*What you should do*
Copy the records that follow exactly, leaving nothing out.

*Supplied records*
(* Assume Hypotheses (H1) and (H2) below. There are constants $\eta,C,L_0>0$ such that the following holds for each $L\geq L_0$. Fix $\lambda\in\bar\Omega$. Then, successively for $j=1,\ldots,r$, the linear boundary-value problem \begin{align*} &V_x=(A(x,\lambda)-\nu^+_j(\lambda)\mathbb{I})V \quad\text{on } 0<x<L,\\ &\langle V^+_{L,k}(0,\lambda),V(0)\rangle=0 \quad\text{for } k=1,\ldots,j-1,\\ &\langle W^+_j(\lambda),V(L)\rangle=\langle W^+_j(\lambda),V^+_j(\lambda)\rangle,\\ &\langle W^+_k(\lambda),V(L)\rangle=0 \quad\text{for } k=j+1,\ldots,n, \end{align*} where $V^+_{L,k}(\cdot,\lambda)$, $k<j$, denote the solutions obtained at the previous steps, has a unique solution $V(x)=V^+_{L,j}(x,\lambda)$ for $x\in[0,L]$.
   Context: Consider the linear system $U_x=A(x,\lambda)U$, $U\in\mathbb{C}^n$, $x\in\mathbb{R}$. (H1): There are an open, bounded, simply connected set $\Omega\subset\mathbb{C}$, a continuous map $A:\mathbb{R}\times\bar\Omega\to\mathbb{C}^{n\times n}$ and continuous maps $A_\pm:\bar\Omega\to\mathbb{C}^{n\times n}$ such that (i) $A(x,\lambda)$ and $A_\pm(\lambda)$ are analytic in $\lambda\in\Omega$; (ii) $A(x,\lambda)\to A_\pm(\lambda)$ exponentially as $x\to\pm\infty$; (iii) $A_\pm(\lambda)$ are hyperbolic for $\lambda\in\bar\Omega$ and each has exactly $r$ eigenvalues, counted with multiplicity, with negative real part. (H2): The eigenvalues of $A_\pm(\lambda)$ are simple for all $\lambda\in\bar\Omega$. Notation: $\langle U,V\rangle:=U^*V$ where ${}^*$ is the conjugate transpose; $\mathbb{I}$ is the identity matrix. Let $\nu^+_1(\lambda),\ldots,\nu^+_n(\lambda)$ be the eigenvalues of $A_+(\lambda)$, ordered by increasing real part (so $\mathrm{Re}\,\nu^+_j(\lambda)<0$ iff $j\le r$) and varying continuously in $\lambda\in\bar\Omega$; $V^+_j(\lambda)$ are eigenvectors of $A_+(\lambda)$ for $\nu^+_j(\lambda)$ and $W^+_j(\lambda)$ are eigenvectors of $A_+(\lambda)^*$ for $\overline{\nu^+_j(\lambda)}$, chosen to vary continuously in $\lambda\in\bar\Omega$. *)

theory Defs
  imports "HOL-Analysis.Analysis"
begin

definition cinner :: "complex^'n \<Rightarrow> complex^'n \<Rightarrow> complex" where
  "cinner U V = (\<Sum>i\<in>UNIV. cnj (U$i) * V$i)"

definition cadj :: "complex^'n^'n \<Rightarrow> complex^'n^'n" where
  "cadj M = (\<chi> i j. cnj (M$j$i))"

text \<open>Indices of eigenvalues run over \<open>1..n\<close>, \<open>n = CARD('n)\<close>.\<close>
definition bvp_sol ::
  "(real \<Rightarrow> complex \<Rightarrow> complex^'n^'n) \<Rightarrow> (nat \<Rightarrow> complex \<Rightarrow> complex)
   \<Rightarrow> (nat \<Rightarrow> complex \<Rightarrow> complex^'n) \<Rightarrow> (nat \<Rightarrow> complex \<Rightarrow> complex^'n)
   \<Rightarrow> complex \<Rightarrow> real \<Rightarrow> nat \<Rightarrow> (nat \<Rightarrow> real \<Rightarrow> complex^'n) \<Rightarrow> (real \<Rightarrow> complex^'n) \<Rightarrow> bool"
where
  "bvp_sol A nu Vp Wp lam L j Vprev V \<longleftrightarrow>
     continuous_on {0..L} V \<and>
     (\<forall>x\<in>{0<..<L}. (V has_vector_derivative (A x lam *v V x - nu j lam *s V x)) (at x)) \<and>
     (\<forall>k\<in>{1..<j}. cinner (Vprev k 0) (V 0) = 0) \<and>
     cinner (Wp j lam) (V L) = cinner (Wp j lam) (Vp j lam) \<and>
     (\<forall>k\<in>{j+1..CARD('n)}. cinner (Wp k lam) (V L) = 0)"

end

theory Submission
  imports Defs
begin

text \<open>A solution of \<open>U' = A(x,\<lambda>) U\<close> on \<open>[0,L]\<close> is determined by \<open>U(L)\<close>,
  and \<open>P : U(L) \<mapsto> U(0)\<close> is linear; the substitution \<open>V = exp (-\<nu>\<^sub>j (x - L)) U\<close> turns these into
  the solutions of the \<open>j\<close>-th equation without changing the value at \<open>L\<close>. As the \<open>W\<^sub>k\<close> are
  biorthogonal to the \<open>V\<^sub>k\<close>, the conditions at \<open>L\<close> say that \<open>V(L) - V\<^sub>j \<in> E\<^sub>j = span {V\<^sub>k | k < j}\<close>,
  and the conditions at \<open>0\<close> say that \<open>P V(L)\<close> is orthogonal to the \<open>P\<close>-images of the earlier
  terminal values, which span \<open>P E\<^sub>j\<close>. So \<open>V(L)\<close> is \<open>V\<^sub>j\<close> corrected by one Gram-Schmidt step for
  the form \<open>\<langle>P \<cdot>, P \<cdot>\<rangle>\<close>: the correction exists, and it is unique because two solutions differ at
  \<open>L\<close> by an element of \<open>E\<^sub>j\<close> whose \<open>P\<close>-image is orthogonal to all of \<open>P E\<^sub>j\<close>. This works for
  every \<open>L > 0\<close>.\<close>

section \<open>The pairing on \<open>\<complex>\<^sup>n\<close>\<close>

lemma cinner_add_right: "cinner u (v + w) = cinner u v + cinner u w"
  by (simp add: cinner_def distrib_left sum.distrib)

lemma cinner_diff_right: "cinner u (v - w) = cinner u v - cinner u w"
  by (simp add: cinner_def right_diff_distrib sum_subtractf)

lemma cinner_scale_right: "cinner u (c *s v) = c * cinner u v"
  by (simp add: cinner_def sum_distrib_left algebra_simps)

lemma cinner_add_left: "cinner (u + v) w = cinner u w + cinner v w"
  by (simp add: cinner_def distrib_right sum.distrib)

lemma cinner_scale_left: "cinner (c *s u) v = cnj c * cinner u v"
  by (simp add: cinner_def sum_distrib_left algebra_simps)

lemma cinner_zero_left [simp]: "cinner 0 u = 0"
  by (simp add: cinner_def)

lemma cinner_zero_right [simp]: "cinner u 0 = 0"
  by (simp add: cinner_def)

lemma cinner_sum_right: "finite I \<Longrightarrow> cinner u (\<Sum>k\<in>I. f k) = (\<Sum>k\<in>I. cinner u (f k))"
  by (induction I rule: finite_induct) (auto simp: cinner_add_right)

*The answer*
(* Assume Hypotheses (H1) and (H2) below. There are constants $\eta,C,L_0>0$ such that the following holds for each $L\geq L_0$. Fix $\lambda\in\bar\Omega$. Then, successively for $j=1,\ldots,r$, the linear boundary-value problem \begin{align*} &V_x=(A(x,\lambda)-\nu^+_j(\lambda)\mathbb{I})V \quad\text{on } 0<x<L,\\ &\langle V^+_{L,k}(0,\lambda),V(0)\rangle=0 \quad\text{for } k=1,\ldots,j-1,\\ &\langle W^+_j(\lambda),V(L)\rangle=\langle W^+_j(\lambda),V^+_j(\lambda)\rangle,\\ &\langle W^+_k(\lambda),V(L)\rangle=0 \quad\text{for } k=j+1,\ldots,n, \end{align*} where $V^+_{L,k}(\cdot,\lambda)$, $k<j$, denote the solutions obtained at the previous steps, has a unique solution $V(x)=V^+_{L,j}(x,\lambda)$ for $x\in[0,L]$.
   Context: Consider the linear system $U_x=A(x,\lambda)U$, $U\in\mathbb{C}^n$, $x\in\mathbb{R}$. (H1): There are an open, bounded, simply connected set $\Omega\subset\mathbb{C}$, a continuous map $A:\mathbb{R}\times\bar\Omega\to\mathbb{C}^{n\times n}$ and continuous maps $A_\pm:\bar\Omega\to\mathbb{C}^{n\times n}$ such that (i) $A(x,\lambda)$ and $A_\pm(\lambda)$ are analytic in $\lambda\in\Omega$; (ii) $A(x,\lambda)\to A_\pm(\lambda)$ exponentially as $x\to\pm\infty$; (iii) $A_\pm(\lambda)$ are hyperbolic for $\lambda\in\bar\Omega$ and each has exactly $r$ eigenvalues, counted with multiplicity, with negative real part. (H2): The eigenvalues of $A_\pm(\lambda)$ are simple for all $\lambda\in\bar\Omega$. Notation: $\langle U,V\rangle:=U^*V$ where ${}^*$ is the conjugate transpose; $\mathbb{I}$ is the identity matrix. Let $\nu^+_1(\lambda),\ldots,\nu^+_n(\lambda)$ be the eigenvalues of $A_+(\lambda)$, ordered by increasing real part (so $\mathrm{Re}\,\nu^+_j(\lambda)<0$ iff $j\le r$) and varying continuously in $\lambda\in\bar\Omega$; $V^+_j(\lambda)$ are eigenvectors of $A_+(\lambda)$ for $\nu^+_j(\lambda)$ and $W^+_j(\lambda)$ are eigenvectors of $A_+(\lambda)^*$ for $\overline{\nu^+_j(\lambda)}$, chosen to vary continuously in $\lambda\in\bar\Omega$. *)

theory Defs
  imports "HOL-Analysis.Analysis"
begin

definition cinner :: "complex^'n \<Rightarrow> complex^'n \<Rightarrow> complex" where
  "cinner U V = (\<Sum>i\<in>UNIV. cnj (U$i) * V$i)"

definition cadj :: "complex^'n^'n \<Rightarrow> complex^'n^'n" where
  "cadj M = (\<chi> i j. cnj (M$j$i))"

text \<open>Indices of eigenvalues run over \<open>1..n\<close>, \<open>n = CARD('n)\<close>.\<close>
definition bvp_sol ::
  "(real \<Rightarrow> complex \<Rightarrow> complex^'n^'n) \<Rightarrow> (nat \<Rightarrow> complex \<Rightarrow> complex)
   \<Rightarrow> (nat \<Rightarrow> complex \<Rightarrow> complex^'n) \<Rightarrow> (nat \<Rightarrow> complex \<Rightarrow> complex^'n)
   \<Rightarrow> complex \<Rightarrow> real \<Rightarrow> nat \<Rightarrow> (nat \<Rightarrow> real \<Rightarrow> complex^'n) \<Rightarrow> (real \<Rightarrow> complex^'n) \<Rightarrow> bool"
where
  "bvp_sol A nu Vp Wp lam L j Vprev V \<longleftrightarrow>
     continuous_on {0..L} V \<and>
     (\<forall>x\<in>{0<..<L}. (V has_vector_derivative (A x lam *v V x - nu j lam *s V x)) (at x)) \<and>
     (\<forall>k\<in>{1..<j}. cinner (Vprev k 0) (V 0) = 0) \<and>
     cinner (Wp j lam) (V L) = cinner (Wp j lam) (Vp j lam) \<and>
     (\<forall>k\<in>{j+1..CARD('n)}. cinner (Wp k lam) (V L) = 0)"

end

theory Submission
  imports Defs
begin

text \<open>A solution of \<open>U' = A(x,\<lambda>) U\<close> on \<open>[0,L]\<close> is determined by \<open>U(L)\<close>,
  and \<open>P : U(L) \<mapsto> U(0)\<close> is linear; the substitution \<open>V = exp (-\<nu>\<^sub>j (x - L)) U\<close> turns these into
  the solutions of the \<open>j\<close>-th equation without changing the value at \<open>L\<close>. As the \<open>W\<^sub>k\<close> are
  biorthogonal to the \<open>V\<^sub>k\<close>, the conditions at \<open>L\<close> say that \<open>V(L) - V\<^sub>j \<in> E\<^sub>j = span {V\<^sub>k | k < j}\<close>,
  and the conditions at \<open>0\<close> say that \<open>P V(L)\<close> is orthogonal to the \<open>P\<close>-images of the earlier
  terminal values, which span \<open>P E\<^sub>j\<close>. So \<open>V(L)\<close> is \<open>V\<^sub>j\<close> corrected by one Gram-Schmidt step for
  the form \<open>\<langle>P \<cdot>, P \<cdot>\<rangle>\<close>: the correction exists, and it is unique because two solutions differ at
  \<open>L\<close> by an element of \<open>E\<^sub>j\<close> whose \<open>P\<close>-image is orthogonal to all of \<open>P E\<^sub>j\<close>. This works for
  every \<open>L > 0\<close>.\<close>

section \<open>The pairing on \<open>\<complex>\<^sup>n\<close>\<close>

lemma cinner_add_right: "cinner u (v + w) = cinner u v + cinner u w"
  by (simp add: cinner_def distrib_left sum.distrib)

lemma cinner_diff_right: "cinner u (v - w) = cinner u v - cinner u w"
  by (simp add: cinner_def right_diff_distrib sum_subtractf)

lemma cinner_scale_right: "cinner u (c *s v) = c * cinner u v"
  by (simp add: cinner_def sum_distrib_left algebra_simps)

lemma cinner_add_left: "cinner (u + v) w = cinner u w + cinner v w"
  by (simp add: cinner_def distrib_right sum.distrib)

lemma cinner_scale_left: "cinner (c *s u) v = cnj c * cinner u v"
  by (simp add: cinner_def sum_distrib_left algebra_simps)

lemma cinner_zero_left [simp]: "cinner 0 u = 0"
  by (simp add: cinner_def)

lemma cinner_zero_right [simp]: "cinner u 0 = 0"
  by (simp add: cinner_def)

lemma cinner_sum_right: "finite I \<Longrightarrow> cinner u (\<Sum>k\<in>I. f k) = (\<Sum>k\<in>I. cinner u (f k))"
  by (induction I rule: finite_induct) (auto simp: cinner_add_right)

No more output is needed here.